PROBLEM TO SOLVE >> Please filter the data down to the lines that include the word "cases" and copy them.

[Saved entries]
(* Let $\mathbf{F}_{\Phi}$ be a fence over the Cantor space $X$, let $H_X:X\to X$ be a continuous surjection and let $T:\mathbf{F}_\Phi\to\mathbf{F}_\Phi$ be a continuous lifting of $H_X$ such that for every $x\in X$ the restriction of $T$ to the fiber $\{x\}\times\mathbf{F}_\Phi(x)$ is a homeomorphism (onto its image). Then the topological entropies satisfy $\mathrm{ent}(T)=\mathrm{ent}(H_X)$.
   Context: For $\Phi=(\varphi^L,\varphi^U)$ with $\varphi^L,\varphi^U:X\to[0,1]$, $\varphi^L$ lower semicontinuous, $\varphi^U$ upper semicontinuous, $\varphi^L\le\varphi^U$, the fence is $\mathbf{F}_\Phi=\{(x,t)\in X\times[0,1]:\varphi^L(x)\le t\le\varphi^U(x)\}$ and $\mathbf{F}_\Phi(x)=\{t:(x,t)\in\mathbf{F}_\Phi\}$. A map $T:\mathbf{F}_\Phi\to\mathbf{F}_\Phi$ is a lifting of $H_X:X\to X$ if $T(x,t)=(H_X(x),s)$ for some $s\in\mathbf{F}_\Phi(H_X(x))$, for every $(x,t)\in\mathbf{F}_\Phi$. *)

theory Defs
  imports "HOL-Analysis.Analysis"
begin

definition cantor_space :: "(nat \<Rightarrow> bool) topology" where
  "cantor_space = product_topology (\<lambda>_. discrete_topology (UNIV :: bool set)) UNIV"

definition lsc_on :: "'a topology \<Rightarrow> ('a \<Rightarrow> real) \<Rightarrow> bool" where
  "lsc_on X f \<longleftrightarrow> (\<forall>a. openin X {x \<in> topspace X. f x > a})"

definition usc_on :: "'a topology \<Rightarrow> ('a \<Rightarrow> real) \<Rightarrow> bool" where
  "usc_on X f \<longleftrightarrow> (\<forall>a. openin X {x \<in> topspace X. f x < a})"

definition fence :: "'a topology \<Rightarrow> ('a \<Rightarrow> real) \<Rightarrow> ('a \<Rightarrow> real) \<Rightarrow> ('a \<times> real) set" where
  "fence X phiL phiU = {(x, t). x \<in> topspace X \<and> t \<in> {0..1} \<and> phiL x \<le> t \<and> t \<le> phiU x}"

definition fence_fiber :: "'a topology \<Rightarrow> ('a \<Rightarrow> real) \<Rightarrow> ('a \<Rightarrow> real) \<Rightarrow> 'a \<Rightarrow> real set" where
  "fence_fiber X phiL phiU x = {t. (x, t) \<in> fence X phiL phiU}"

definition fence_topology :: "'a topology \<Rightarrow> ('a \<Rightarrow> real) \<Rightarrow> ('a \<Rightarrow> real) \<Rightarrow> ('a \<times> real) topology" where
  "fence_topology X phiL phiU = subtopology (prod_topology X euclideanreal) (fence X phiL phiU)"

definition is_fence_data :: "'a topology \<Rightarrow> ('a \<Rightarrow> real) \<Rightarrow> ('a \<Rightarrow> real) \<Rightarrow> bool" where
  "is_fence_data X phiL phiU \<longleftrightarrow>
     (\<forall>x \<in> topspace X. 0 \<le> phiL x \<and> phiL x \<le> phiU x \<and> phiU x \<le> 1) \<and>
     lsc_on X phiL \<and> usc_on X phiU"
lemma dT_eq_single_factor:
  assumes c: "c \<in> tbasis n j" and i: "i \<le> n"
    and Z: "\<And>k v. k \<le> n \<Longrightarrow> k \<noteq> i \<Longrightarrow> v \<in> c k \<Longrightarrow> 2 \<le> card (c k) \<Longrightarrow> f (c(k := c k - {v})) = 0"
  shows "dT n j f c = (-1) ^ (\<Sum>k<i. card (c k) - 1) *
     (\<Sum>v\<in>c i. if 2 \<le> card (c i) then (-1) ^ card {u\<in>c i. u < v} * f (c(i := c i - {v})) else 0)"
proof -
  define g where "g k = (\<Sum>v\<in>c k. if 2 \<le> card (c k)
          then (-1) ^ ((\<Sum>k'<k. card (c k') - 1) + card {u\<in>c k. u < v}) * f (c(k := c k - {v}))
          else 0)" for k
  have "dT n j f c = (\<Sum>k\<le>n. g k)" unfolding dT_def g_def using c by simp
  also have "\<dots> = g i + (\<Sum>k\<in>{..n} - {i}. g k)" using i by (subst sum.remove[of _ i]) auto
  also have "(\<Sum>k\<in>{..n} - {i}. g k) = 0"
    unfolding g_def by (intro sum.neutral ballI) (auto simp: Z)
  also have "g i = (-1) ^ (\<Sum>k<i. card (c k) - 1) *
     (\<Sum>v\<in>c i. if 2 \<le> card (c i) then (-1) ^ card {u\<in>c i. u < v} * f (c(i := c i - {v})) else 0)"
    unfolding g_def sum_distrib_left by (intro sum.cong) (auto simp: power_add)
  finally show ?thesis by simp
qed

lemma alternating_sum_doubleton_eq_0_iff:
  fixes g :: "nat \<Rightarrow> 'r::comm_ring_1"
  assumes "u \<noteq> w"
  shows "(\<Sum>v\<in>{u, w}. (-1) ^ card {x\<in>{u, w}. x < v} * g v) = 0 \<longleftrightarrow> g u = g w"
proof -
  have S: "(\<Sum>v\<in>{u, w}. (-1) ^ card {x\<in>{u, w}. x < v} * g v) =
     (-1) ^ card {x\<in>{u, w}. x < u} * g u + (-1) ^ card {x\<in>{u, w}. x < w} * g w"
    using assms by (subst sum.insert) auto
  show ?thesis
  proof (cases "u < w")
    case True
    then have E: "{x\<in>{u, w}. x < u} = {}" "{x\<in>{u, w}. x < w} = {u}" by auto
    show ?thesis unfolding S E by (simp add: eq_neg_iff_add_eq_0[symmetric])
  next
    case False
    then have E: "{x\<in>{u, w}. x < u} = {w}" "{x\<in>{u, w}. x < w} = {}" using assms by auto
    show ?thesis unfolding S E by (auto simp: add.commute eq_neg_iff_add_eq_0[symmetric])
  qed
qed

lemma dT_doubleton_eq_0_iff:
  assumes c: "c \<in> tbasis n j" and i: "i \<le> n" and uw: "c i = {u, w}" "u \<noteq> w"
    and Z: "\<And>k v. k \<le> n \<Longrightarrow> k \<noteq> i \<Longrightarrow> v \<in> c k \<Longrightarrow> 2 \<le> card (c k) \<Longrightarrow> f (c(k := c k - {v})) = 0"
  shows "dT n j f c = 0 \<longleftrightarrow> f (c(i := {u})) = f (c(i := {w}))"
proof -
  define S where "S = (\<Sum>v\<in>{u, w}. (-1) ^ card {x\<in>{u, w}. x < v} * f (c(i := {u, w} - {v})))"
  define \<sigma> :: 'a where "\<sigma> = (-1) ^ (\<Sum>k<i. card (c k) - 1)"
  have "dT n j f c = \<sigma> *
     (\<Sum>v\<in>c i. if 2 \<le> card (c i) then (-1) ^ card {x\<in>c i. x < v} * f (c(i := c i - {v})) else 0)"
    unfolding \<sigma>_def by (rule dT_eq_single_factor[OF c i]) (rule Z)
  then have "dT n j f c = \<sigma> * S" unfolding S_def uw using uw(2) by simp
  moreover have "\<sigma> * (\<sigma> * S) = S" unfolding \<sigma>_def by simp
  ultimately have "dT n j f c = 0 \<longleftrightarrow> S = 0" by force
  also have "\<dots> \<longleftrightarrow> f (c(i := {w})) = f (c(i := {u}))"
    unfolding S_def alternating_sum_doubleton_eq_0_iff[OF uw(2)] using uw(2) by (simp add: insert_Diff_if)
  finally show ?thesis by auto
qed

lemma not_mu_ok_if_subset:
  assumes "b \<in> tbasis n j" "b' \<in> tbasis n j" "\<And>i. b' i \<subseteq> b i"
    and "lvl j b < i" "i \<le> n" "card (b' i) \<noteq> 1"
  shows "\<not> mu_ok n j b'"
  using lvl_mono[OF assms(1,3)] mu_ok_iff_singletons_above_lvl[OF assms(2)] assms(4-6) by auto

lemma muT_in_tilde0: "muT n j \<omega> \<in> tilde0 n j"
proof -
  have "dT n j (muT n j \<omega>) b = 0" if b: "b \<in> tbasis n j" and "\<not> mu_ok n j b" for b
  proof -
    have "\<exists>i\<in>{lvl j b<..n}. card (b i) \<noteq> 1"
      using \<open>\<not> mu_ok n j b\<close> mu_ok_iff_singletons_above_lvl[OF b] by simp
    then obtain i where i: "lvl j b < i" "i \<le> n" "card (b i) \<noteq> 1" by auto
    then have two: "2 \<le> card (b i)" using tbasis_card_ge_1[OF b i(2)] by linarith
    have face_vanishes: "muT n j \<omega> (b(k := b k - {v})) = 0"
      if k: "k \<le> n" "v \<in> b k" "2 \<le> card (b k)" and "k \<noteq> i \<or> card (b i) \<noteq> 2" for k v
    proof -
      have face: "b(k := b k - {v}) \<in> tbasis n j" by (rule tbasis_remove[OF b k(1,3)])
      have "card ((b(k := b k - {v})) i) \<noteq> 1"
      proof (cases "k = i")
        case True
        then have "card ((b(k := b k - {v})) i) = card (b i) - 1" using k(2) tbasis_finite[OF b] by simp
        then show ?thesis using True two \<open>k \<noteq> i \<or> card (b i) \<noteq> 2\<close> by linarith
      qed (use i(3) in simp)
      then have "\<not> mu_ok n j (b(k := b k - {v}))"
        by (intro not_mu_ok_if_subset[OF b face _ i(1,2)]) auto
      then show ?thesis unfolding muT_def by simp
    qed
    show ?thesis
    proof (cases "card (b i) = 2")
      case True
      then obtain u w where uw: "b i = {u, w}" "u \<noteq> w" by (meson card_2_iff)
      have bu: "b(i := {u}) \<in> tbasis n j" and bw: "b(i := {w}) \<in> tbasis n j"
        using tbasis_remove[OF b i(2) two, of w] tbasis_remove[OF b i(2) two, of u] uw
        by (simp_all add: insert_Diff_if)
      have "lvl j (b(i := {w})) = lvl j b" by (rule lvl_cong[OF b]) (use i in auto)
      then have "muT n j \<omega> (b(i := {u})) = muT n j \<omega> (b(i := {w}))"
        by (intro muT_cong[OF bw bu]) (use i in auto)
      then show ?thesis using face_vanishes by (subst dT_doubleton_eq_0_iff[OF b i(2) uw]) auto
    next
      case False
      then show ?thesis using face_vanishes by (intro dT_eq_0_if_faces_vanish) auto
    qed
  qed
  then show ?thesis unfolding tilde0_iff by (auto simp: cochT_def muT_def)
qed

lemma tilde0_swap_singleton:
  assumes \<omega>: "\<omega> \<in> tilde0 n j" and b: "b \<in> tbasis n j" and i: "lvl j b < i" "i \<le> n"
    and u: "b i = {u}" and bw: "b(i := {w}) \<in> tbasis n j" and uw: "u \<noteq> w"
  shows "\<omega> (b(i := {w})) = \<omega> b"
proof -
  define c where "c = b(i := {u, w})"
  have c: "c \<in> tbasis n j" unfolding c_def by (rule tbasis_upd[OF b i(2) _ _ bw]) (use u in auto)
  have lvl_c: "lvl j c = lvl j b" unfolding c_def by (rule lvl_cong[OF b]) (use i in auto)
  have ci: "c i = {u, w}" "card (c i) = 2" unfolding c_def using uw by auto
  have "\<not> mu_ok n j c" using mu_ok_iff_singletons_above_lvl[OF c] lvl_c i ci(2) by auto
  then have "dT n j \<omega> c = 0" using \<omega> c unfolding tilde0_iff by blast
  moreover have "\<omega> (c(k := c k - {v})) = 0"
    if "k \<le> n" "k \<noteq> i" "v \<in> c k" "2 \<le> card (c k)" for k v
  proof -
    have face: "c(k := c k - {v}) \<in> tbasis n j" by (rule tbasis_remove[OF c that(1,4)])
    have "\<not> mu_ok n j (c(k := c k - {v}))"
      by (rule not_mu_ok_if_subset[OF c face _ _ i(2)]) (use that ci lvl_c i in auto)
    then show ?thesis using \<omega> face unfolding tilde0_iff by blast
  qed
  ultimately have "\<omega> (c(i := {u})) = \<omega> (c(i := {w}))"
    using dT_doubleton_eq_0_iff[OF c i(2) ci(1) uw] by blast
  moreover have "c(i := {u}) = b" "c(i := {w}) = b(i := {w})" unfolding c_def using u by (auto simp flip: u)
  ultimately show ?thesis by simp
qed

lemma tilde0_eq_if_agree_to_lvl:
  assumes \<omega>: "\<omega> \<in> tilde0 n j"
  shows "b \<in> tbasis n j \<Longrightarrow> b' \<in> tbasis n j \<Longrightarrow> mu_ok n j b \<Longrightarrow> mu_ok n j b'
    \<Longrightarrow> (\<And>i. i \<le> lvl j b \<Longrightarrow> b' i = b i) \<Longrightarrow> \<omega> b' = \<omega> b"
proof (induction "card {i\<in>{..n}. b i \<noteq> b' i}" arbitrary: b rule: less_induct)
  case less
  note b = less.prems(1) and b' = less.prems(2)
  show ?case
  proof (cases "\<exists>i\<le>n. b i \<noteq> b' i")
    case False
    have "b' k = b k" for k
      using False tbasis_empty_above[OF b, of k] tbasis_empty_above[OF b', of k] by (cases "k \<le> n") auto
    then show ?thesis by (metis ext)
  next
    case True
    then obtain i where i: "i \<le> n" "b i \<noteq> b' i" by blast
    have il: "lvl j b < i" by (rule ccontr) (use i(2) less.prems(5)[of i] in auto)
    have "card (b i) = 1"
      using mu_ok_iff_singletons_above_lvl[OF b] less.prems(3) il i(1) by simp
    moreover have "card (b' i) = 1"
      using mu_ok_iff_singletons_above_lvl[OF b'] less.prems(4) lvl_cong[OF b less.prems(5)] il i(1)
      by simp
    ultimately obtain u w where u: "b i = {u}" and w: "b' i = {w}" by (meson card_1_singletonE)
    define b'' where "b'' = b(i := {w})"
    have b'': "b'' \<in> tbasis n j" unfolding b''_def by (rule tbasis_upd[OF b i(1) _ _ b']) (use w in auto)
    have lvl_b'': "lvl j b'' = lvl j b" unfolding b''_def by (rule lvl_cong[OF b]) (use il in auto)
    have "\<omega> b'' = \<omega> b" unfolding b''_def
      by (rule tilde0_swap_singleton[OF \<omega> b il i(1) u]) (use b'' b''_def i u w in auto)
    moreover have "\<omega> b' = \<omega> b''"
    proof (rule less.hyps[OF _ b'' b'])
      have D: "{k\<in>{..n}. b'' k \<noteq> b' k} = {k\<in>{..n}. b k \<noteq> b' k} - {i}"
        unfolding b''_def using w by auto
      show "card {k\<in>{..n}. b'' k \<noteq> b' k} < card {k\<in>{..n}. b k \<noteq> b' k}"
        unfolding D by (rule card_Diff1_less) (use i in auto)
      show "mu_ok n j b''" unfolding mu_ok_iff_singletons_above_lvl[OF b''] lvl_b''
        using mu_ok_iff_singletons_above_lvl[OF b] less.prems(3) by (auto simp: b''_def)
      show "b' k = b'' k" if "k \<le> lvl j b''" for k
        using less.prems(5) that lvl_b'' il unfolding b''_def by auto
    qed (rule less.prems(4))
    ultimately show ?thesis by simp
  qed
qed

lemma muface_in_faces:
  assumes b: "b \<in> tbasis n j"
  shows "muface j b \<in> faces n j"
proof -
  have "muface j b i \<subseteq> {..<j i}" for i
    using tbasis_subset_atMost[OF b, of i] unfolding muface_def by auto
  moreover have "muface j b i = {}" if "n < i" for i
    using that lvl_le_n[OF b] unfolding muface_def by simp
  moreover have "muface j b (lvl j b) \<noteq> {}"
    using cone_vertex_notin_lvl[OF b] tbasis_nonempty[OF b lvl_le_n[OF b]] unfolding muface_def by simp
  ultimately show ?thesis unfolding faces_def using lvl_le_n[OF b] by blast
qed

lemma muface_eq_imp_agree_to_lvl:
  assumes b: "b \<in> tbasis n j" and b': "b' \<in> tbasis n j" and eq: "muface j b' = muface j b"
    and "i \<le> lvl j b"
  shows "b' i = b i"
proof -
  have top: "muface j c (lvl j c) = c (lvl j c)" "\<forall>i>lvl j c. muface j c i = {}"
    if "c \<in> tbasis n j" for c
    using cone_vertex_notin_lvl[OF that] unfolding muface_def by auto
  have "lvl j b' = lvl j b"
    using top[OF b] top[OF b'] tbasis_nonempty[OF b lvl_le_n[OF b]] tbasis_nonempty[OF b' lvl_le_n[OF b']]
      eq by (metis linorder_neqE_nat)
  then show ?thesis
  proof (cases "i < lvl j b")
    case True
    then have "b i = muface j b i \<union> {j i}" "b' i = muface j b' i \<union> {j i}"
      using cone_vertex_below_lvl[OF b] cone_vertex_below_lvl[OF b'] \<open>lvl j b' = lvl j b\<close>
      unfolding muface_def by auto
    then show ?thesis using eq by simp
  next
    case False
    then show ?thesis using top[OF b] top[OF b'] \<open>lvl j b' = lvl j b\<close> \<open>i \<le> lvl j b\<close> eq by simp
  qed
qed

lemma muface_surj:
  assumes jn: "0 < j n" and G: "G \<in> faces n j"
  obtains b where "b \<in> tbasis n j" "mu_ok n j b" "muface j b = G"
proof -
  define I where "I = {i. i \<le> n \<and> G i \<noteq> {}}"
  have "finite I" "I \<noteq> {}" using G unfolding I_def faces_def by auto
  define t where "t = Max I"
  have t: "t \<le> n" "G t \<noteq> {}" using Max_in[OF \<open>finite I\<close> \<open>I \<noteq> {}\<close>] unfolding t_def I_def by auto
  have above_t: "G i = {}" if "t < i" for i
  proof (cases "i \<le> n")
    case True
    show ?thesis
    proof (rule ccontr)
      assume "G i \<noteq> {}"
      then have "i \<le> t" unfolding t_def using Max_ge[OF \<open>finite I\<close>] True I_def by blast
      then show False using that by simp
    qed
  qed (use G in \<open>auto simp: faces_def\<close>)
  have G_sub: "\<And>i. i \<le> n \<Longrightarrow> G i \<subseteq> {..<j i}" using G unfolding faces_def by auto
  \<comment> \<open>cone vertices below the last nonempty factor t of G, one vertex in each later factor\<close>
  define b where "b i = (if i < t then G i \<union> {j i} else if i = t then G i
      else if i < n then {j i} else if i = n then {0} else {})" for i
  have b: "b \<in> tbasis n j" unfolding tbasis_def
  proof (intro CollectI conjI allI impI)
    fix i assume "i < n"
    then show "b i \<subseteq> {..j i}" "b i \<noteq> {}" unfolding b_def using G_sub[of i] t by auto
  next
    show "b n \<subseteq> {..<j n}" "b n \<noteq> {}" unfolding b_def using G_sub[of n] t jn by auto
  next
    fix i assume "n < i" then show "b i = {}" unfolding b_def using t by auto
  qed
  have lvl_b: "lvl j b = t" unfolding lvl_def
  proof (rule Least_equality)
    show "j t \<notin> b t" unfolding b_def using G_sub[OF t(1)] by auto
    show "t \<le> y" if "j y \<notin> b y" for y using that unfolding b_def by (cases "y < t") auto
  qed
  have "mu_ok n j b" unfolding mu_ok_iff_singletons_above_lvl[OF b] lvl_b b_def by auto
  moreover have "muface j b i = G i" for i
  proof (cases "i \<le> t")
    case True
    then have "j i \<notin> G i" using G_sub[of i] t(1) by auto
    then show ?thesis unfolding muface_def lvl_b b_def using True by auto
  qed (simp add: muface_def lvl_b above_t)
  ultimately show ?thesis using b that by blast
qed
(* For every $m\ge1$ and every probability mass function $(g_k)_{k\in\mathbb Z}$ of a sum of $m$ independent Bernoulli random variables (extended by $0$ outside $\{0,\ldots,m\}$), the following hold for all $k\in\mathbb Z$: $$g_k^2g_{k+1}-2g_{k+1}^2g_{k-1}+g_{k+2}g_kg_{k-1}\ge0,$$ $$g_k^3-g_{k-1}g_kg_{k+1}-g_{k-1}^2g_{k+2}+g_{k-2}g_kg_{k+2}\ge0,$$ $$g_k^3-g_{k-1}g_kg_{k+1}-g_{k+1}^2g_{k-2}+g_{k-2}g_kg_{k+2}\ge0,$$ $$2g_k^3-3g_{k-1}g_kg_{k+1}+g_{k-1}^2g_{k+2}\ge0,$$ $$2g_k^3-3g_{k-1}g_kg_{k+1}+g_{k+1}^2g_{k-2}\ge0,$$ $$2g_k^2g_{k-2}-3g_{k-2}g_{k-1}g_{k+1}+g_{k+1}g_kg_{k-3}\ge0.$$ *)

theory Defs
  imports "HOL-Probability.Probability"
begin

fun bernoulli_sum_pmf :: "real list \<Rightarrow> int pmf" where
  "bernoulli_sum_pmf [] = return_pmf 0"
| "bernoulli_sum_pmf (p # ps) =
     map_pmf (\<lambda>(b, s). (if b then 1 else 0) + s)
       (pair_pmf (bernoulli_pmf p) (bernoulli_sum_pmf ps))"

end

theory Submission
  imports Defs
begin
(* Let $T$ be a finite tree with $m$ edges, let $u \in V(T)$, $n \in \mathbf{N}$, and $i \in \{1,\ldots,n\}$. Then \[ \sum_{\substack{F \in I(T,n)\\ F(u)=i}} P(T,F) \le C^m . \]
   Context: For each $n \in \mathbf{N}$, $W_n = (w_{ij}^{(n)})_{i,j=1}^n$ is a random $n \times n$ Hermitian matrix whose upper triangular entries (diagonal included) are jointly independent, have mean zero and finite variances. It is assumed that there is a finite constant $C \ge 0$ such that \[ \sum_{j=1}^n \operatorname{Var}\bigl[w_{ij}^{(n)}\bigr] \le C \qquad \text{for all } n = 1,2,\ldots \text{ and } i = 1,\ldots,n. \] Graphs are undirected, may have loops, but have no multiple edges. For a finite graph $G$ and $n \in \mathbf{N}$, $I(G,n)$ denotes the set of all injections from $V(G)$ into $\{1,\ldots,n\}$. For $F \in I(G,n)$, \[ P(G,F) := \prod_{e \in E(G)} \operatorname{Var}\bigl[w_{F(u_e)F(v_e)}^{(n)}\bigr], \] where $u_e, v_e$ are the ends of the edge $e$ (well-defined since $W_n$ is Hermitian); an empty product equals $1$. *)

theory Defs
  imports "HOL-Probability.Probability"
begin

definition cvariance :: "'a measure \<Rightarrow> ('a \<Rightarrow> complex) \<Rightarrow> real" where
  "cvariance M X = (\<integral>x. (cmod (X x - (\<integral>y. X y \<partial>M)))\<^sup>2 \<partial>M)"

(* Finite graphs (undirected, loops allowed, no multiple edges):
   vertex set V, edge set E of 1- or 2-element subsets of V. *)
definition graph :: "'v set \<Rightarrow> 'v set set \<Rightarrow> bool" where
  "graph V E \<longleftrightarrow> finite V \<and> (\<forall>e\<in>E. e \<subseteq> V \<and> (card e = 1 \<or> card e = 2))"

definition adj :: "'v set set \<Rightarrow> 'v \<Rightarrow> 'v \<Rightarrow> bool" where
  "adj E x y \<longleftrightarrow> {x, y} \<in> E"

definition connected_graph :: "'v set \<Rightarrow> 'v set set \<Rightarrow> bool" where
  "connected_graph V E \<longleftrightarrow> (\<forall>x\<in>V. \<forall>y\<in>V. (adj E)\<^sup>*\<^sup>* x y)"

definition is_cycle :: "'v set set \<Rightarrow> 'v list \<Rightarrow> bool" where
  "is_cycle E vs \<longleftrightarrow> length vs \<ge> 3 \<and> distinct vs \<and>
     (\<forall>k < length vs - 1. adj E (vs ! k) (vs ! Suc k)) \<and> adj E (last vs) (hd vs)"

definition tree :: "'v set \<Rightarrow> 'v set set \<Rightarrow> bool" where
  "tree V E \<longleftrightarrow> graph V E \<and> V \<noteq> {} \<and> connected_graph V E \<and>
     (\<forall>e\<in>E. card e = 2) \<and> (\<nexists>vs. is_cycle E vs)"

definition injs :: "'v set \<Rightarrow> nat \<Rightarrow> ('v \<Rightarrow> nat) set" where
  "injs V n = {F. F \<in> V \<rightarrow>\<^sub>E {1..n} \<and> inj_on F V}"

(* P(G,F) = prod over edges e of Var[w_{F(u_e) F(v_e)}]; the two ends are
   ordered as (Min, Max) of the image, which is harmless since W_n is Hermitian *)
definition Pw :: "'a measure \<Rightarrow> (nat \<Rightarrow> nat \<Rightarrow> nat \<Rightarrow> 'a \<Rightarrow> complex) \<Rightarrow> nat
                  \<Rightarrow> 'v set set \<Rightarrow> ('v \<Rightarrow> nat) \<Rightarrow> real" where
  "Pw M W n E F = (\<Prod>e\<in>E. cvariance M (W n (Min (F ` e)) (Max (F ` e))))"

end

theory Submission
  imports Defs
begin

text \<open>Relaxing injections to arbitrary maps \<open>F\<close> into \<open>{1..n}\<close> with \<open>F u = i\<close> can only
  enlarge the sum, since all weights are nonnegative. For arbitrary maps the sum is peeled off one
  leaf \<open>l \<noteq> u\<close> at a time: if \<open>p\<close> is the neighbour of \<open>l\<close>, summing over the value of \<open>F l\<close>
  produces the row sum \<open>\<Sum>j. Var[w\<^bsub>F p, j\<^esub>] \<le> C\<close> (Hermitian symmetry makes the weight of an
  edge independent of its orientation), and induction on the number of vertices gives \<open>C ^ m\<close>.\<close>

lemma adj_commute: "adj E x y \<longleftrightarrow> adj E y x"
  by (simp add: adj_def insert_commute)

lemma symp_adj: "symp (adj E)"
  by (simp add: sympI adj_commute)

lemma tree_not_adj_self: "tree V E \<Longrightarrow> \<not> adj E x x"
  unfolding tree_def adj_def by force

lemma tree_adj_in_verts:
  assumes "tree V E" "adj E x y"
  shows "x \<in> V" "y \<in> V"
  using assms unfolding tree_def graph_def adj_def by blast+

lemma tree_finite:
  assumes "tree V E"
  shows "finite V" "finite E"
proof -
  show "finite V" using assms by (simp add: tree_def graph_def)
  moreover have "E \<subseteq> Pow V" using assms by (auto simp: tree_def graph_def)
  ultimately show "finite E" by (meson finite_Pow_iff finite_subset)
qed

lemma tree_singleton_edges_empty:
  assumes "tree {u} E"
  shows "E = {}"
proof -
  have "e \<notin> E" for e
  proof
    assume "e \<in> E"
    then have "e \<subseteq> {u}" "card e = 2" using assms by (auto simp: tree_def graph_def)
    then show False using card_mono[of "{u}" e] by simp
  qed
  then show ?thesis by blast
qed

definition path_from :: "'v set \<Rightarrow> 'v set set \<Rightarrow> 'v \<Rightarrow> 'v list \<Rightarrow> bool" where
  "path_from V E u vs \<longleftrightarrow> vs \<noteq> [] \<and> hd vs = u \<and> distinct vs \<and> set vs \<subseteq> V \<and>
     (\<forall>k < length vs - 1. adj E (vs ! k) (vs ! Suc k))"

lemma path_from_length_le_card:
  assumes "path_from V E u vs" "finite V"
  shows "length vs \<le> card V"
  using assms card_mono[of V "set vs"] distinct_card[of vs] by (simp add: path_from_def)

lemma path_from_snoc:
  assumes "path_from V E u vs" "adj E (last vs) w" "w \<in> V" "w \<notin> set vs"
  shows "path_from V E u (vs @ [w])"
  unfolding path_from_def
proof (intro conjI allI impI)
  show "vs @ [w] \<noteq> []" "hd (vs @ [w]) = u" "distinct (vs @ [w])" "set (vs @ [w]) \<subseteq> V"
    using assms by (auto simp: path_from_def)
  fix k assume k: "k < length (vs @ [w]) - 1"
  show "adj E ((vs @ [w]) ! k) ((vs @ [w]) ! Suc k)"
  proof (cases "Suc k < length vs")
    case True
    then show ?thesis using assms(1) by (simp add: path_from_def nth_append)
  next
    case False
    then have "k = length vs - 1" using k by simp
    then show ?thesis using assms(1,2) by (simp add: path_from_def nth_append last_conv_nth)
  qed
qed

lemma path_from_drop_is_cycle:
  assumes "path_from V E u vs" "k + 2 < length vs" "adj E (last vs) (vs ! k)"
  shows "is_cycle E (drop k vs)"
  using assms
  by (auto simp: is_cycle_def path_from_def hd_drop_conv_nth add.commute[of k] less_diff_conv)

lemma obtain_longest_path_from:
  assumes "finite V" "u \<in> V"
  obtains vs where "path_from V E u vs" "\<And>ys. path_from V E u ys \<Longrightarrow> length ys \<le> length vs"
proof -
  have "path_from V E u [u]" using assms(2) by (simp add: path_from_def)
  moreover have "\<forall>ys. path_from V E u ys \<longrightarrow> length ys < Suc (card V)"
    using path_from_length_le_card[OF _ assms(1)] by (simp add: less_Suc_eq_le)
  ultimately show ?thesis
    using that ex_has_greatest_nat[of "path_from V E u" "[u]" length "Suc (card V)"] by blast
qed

TASK RESPONSE >>
  proof (cases "u < w")
      proof (cases "k = i")
    proof (cases "card (b i) = 2")
  proof (cases "\<exists>i\<le>n. b i \<noteq> b' i")
      using False tbasis_empty_above[OF b, of k] tbasis_empty_above[OF b', of k] by (cases "k \<le> n") auto
  proof (cases "i < lvl j b")
  proof (cases "i \<le> n")
    show "t \<le> y" if "j y \<notin> b y" for y using that unfolding b_def by (cases "y < t") auto
  proof (cases "i \<le> t")
  proof (cases "Suc k < length vs")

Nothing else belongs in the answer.